There were gowns, there were capes, there were (quite literally) extra limbs on the carpet, but the real scene-stealer at this year’s Met Gala wasn’t stitched, draped, or even bedazzled. It was…a mango. Yes, that mango. The one you kept zooming into like a true detective. The one clutched inside businesswoman and philanthropist Isha Ambani’s 3.10 by Guggi bag. And no, unlike what most of us thought, it wasn’t a cheeky snack between photo ops—it was a sculpture by New Delhi-based artist Subodh Gupta and arguably the most deliciously ironic accessory on a carpet where the dress code for the night was ‘Fashion is Art’.
Like most great Gupta works, it starts with an everyday Indian item and then quietly flips it. “I love to play with the words…mango and aam aadmi,” the 62-year-old artist says about his two-decade-old piece finding renewed attention. “I made a bunch of them in 2007 and 2008 before exhibiting it in 2009.” In this work, the pun does the heavy lifting. ‘Aam’ as fruit, ‘aam’ as the common man. Suddenly, the most common object in an Indian household is recast as something weighty—literally and conceptually. And yes, weighty is the word. Each mango is cast in bronze and weighs about a kilo; Gupta reveals that the version carried by Ambani clocks in at roughly 800 grams.

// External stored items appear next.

(* Under the assumptions of the Error Estimate Theorem (standing assumptions (A); $\mathcal D$ a mass-lumped version of a Gradient Discretisation $\mathcal D_*$; $u$ a solution of (GS) for $\mathcal D$; $\bar u$ the solution of (W)), define \[ \alpha_{\mathcal D,\mathcal D_*}=\max_{v\in X_{\mathcal D,0}\setminus\{0\}}\frac{\|\Pi_{\mathcal D}v-\Pi_{\mathcal D_*}v\|_{L^2}}{\|\nabla_{\mathcal D}v\|_{L^2}} \] and let $\mathcal I_{\mathcal D}\zeta(\bar u)\in X_{\mathcal D,0}$ be a minimiser of $v\mapsto\|\nabla_{\mathcal D}v-\nabla\zeta(\bar u)\|_{L^2}+\|\Pi_{\mathcal D}v-\zeta(\bar u)\|_{L^2}$. Then \[ \begin{aligned} \|\nabla_{\mathcal D}[\mathcal I_{\mathcal D}\zeta(\bar u)-\zeta(u)]\|_{L^2}\le C\Big(&W_{\mathcal D_*}(\Lambda\nabla\zeta(\bar u)+F)+S_{\mathcal D}(\zeta(\bar u))+\alpha_{\mathcal D,\mathcal D_*}+\|\beta(Q_{\mathcal D}\bar u)-\beta(\bar u)\|_{L^2}\\&+\|Q_{\mathcal D}f-f\|_{L^2}+\big(S_{\mathcal D}(\zeta(\bar u))+\|\zeta(\bar u)-\zeta(Q_{\mathcal D}\bar u)\|_{L^2}\big)^{1/2}\Big), \end{aligned} \] where $C$ depends only on the data in (A), an upper bound of $C_{\mathcal D}$, and on $\|\beta(Q_{\mathcal D}\bar u)\|_{L^2}$ and $\|Q_{\mathcal D}f\|_{L^2}$.
   Context: Standing assumptions (A): $\Omega$ is an open bounded connected subset of $\mathbb{R}^d$; $\zeta:\mathbb{R}\to\mathbb{R}$ is continuous, non-decreasing, $\zeta(0)=0$ and there are $M_0,M_1>0$ with $|\zeta(s)|\ge M_0|s|-M_1$ for all $s$; $\beta:\mathbb{R}\to\mathbb{R}$ is continuous, non-decreasing, $\beta(0)=0$ and there are $K_0,K_1>0$ with $|\beta(s)|\le K_0|s|+K_1$ for all $s$; $\beta+\zeta$ is strictly increasing; $\Lambda:\Omega\to M_d(\mathbb{R})$ is measurable and there are $\overline\lambda\ge\underline\lambda>0$ such that for a.e. $x$, $\Lambda(x)$ is symmetric with eigenvalues in $[\underline\lambda,\overline\lambda]$; $f\in L^2(\Omega)$, $F\in L^2(\Omega)^d$. Weak problem (W): find $\bar u\in L^2(\Omega)$ with $\zeta(\bar u)\in H^1_0(\Omega)$ and $\int_\Omega\beta(\bar u)\bar v+\int_\Omega\Lambda\nabla\zeta(\bar u)\cdot\nabla\bar v=\int_\Omega f\bar v-\int_\Omega F\cdot\nabla\bar v$ for all $\bar v\in H^1_0(\Omega)$ (unique solution under (A)). Gradient Discretisation (GD): $\mathcal D=(X_{\mathcal D,0},\Pi_{\mathcal D},\nabla_{\mathcal D},Q_{\mathcal D})$ where $X_{\mathcal D,0}$ is a finite-dimensional space, $\Pi_{\mathcal D}:X_{\mathcal D,0}\to L^2(\Omega)$ and $\nabla_{\mathcal D}:X_{\mathcal D,0}\to L^2(\Omega)^d$ are linear with $\|v\|_{\mathcal D}:=\|\nabla_{\mathcal D}v\|_{L^2}$ a norm on $X_{\mathcal D,0}$, and $Q_{\mathcal D}:L^2(\Omega)\to L^2(\Omega)$ is a (not necessarily linear or bounded) map called the quadrature operator. Piecewise constant reconstruction: there are finite sets $I_{\partial\Omega}\subset I$ with $X_{\mathcal D,0}=\{v=(v_i)_{i\in I}: v_i\in\mathbb{R},\ v_i=0\ \forall i\in I_{\partial\Omega}\}$ and a partition $(U_i)_{i\in I}$ of $\Omega$ with $\Pi_{\mathcal D}v=\sum_{i\in I}v_i\mathbf 1_{U_i}$; for $g$ with $g(0)=0$, $g(v):=(g(v_i))_{i\in I}$. Mass-lumped version: $\mathcal D=(X_{\mathcal D,0},\Pi_{\mathcal D},\nabla_{\mathcal D},Q_{\mathcal D})$ of $\mathcal D_*=(X_{\mathcal D,0},\Pi_{\mathcal D_*},\nabla_{\mathcal D},Q_{\mathcal D})$ means only the function reconstructions differ and $\Pi_{\mathcal D}$ is piecewise constant. Gradient Scheme (GS): find $u\in X_{\mathcal D,0}$ such that for all $v\in X_{\mathcal D,0}$, $\int_\Omega\beta(\Pi_{\mathcal D}u)\Pi_{\mathcal D}v+\int_\Omega\Lambda\nabla_{\mathcal D}\zeta(u)\cdot\nabla_{\mathcal D}v=\int_\Omega Q_{\mathcal D}f\,\Pi_{\mathcal D}v-\int_\Omega F\cdot\nabla_{\mathcal D}v$. Quantities: $C_{\mathcal D}:=\max_{v\ne0}\|\Pi_{\mathcal D}v\|_{L^2}/\|\nabla_{\mathcal D}v\|_{L^2}$; $S_{\mathcal D}(\varphi):=\min_{v\in X_{\mathcal D,0}}(\|\nabla_{\mathcal D}v-\nabla\varphi\|_{L^2}+\|\Pi_{\mathcal D}v-\varphi\|_{L^2})$ for $\varphi\in H^1_0(\Omega)$; $W_{\mathcal D_*}(\psi):=\max_{v\ne0}\frac{1}{\|\nabla_{\mathcal D}v\|_{L^2}}\left|\int_\Omega\nabla_{\mathcal D}v\cdot\psi+\Pi_{\mathcal D_*}v\,\mathrm{div}\psi\right|$ for $\psi\in H_{\mathrm{div}}(\Omega)$. *)

theory Defs
  imports "HOL-Analysis.Analysis"
begin
lemma commutator_mult_commutator:
  "a \<in> carrier G \<Longrightarrow> b \<in> carrier G \<Longrightarrow> g \<in> carrier G \<Longrightarrow>
   commutator G a g \<otimes> commutator G b g
     = inv (commutator G b (commutator G a g)) \<otimes> commutator G (b \<otimes> a) g"
  by (simp add: commutator_simps)

lemma conj_m_distrib:
  "x \<in> carrier G \<Longrightarrow> a \<in> carrier G \<Longrightarrow> b \<in> carrier G \<Longrightarrow>
   x \<otimes> (a \<otimes> b) \<otimes> inv x = (x \<otimes> a \<otimes> inv x) \<otimes> (x \<otimes> b \<otimes> inv x)"
  by (simp add: m_assoc inv_m_cancel_left)

lemma conj_eq_commutator_mult:
  "c \<in> carrier G \<Longrightarrow> k \<in> carrier G \<Longrightarrow> c \<otimes> k \<otimes> inv c = commutator G c k \<otimes> k"
  by (simp add: commutator_simps)

lemma conj_commutator_right:
  "x \<in> carrier G \<Longrightarrow> a \<in> carrier G \<Longrightarrow>
   x \<otimes> commutator G a x \<otimes> inv x = commutator G (x \<otimes> a \<otimes> inv x) x"
  by (simp add: commutator_simps)

lemma finite_subgroupI:
  assumes "finite (carrier G)" and "H \<subseteq> carrier G" and "\<one> \<in> H"
    and mult: "\<And>a b. a \<in> H \<Longrightarrow> b \<in> H \<Longrightarrow> a \<otimes> b \<in> H"
  shows "subgroup H G"
proof (rule subgroupI)
  fix a assume a: "a \<in> H"
  with \<open>H \<subseteq> carrier G\<close> have aG: "a \<in> carrier G" by blast
  have powers: "a [^] (n::nat) \<in> H" for n
    by (induction n) (use \<open>\<one> \<in> H\<close> a mult in \<open>auto simp: nat_pow_Suc\<close>)
  \<comment> \<open>in a finite group the inverse is a positive power\<close>
  have "order G > 0"
    using assms(1) aG unfolding order_def by (auto simp: card_gt_0_iff)
  then have "a [^] (order G - 1) \<otimes> a = \<one>"
    using pow_order_eq_1[OF aG] by (metis Suc_diff_1 nat_pow_Suc)
  then have "inv a = a [^] (order G - 1)"
    using aG by (metis inv_equality nat_pow_closed)
  then show "inv a \<in> H" using powers by simp
qed (use assms in blast)+
(* Consider problem (P) in the setting $\mathbb Y=\mathbb R^m$, $m=m_1+m_2$, $C=\mathbb R^{m_1}_-\times\{0\}^{m_2}$ (no assumption on $D$). Let $\bar w\in\mathbb W$ be a feasible point of (P) at which RCPLD holds. Then $\bar w$ is AM-regular.
   Context: Standing setting: $\mathbb W,\mathbb Y$ are Euclidean spaces; problem (P) is $\min_w f(w)$ s.t. $G(w)\in C$, $w\in D$, where $f\colon\mathbb W\to\mathbb R$ and $G\colon\mathbb W\to\mathbb Y$ are continuously differentiable, $C\subset\mathbb Y$ is nonempty, closed, convex, and $D\subset\mathbb W$ is nonempty and closed. $G'(w)^*$ denotes the adjoint of the derivative. For a closed set $D$, $\Pi_D(x)$ is the (possibly multivalued) Euclidean projection onto $D$, and the limiting normal cone at $\bar w\in D$ is $\mathcal N^{\lim}_D(\bar w):=\limsup_{w\to\bar w}\operatorname{cone}(w-\Pi_D(w))$ (outer/Painlevé–Kuratowski limit), with $\mathcal N^{\lim}_D(w)=\varnothing$ for $w\notin D$. $\mathcal N_C$ is the normal cone of convex analysis ($\varnothing$ outside $C$). A feasible $\bar w$ is AM-regular if $\limsup_{w\to\bar w,\,z\to0}\mathcal M(w,z)\subset\mathcal M(\bar w,0)$, where $\mathcal M(w,z):=G'(w)^*\mathcal N_C(G(w)-z)+\mathcal N^{\lim}_D(w)$. In the present setting $G=(G_1,\dots,G_m)$, $I(\bar w):=\{i\in\{1,\dots,m_1\}: G_i(\bar w)=0\}$, $J:=\{m_1+1,\dots,m\}$. RCPLD holds at feasible $\bar w$ if: (i) the family $(\nabla G_i(w))_{i\in J}$ has constant rank for all $w$ in a neighborhood of $\bar w$; (ii) there is $S\subset J$ such that $(\nabla G_i(\bar w))_{i\in S}$ is a basis of $\operatorname{span}\{\nabla G_i(\bar w): i\in J\}$; (iii) for each $I\subset I(\bar w)$, each choice of multipliers $\lambda_i\ge0$ ($i\in I$), $\lambda_i\in\mathbb R$ ($i\in S$), not all zero, and each $\eta\in\mathcal N^{\lim}_D(\bar w)$ with $0=\sum_{i\in I\cup S}\lambda_i\nabla G_i(\bar w)+\eta$, there are neighborhoods $U$ of $\bar w$ and $V$ of $\eta$ such that for all $w\in U$ and $\tilde\eta\in\mathcal N^{\lim}_D(w)\cap V$ the vectors $(\nabla G_i(w))_{i\in I\cup S},\tilde\eta$ (if $\tilde\eta\ne0$), resp. $(\nabla G_i(w))_{i\in I\cup S}$ (if $\tilde\eta=0$), are linearly dependent. *)

theory Defs
  imports "HOL-Analysis.Analysis"
begin

text \<open>The space Y = R^m is represented by functions nat => real that vanish
outside the index range {1..m}; its inner product is the sum over {1..m}.\<close>

definition Ycar :: "nat \<Rightarrow> (nat \<Rightarrow> real) set" where
  "Ycar m = {y. \<forall>i. i \<notin> {1..m} \<longrightarrow> y i = 0}"

definition innerY :: "nat \<Rightarrow> (nat \<Rightarrow> real) \<Rightarrow> (nat \<Rightarrow> real) \<Rightarrow> real" where
  "innerY m u v = (\<Sum>i\<in>{1..m}. u i * v i)"

definition Cset :: "nat \<Rightarrow> nat \<Rightarrow> (nat \<Rightarrow> real) set" where
  "Cset m1 m2 = {y \<in> Ycar (m1 + m2). (\<forall>i\<in>{1..m1}. y i \<le> 0) \<and> (\<forall>i\<in>{m1+1..m1+m2}. y i = 0)}"

definition ncone_conv :: "nat \<Rightarrow> (nat \<Rightarrow> real) set \<Rightarrow> (nat \<Rightarrow> real) \<Rightarrow> (nat \<Rightarrow> real) set" where
  "ncone_conv m C y = (if y \<in> C then {v \<in> Ycar m. \<forall>c\<in>C. innerY m v (c - y) \<le> 0} else {})"

definition proj_set :: "'a::metric_space set \<Rightarrow> 'a \<Rightarrow> 'a set" where
  "proj_set D x = {p \<in> D. \<forall>q\<in>D. dist x p \<le> dist x q}"

text \<open>Limiting normal cone: outer (Painleve-Kuratowski) limit of cone(w - Pi_D(w)) as w -> wb;
  empty outside D.\<close>
definition ncone_lim :: "'a::real_normed_vector set \<Rightarrow> 'a \<Rightarrow> 'a set" where
  "ncone_lim D wb = (if wb \<in> D then
     {v. \<exists>w u. w \<longlonglongrightarrow> wb \<and> u \<longlonglongrightarrow> v \<and>
        (\<forall>k. u k \<in> {t *\<^sub>R (w k - p) | t p. t \<ge> 0 \<and> p \<in> proj_set D (w k)})}
   else {})"

definition Gvec :: "nat \<Rightarrow> (nat \<Rightarrow> 'a \<Rightarrow> real) \<Rightarrow> 'a \<Rightarrow> (nat \<Rightarrow> real)" where
  "Gvec m G w = (\<lambda>i. if i \<in> {1..m} then G i w else 0)"

text \<open>Adjoint of the derivative G'(w)^* applied to lambda in Y, where G' i w is the gradient of G i at w.\<close>
definition adjG :: "nat \<Rightarrow> (nat \<Rightarrow> 'a \<Rightarrow> 'a::real_vector) \<Rightarrow> 'a \<Rightarrow> (nat \<Rightarrow> real) \<Rightarrow> 'a" where
  "adjG m G' w l = (\<Sum>i\<in>{1..m}. l i *\<^sub>R G' i w)"

definition Mset :: "nat \<Rightarrow> nat \<Rightarrow> (nat \<Rightarrow> 'a \<Rightarrow> real) \<Rightarrow> (nat \<Rightarrow> 'a \<Rightarrow> 'a::real_normed_vector)
    \<Rightarrow> 'a set \<Rightarrow> 'a \<Rightarrow> (nat \<Rightarrow> real) \<Rightarrow> 'a set" where
  "Mset m1 m2 G G' D w z =
     {adjG (m1 + m2) G' w l + e | l e.
        l \<in> ncone_conv (m1 + m2) (Cset m1 m2) (Gvec (m1 + m2) G w - z) \<and> e \<in> ncone_lim D w}"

“I work with food, I work with utensils, I love cooking… All these things are so close to me,” he explains. And the mango sits neatly in that universe, alongside another of his experiments: the potato. “I had cast potato as well…a bronze potato,” he adds, almost casually, as if it were the most normal sentence.
The making of it is where things get stubborn. “Funny story is that I reached out to many European foundries because I wanted to make 100 of them, but nobody was able to do it justice. They didn’t know what a mango looked like! I was so upset. Then I thought, let me do it myself and we finally did it,” he laughs, recalling the sculpture’s origin story. Initially, the form wasn’t right and the finish felt off, so he went back to his studio and did it himself. Each mango is hand-painted, slightly different, echoing the real fruit’s gradients. Timing, too, is on his side. It’s mango season, and Gupta is fully leaning in. “Right now I’m eating Alphonso…but I really like my Langra,” he says, decisively pro-mango.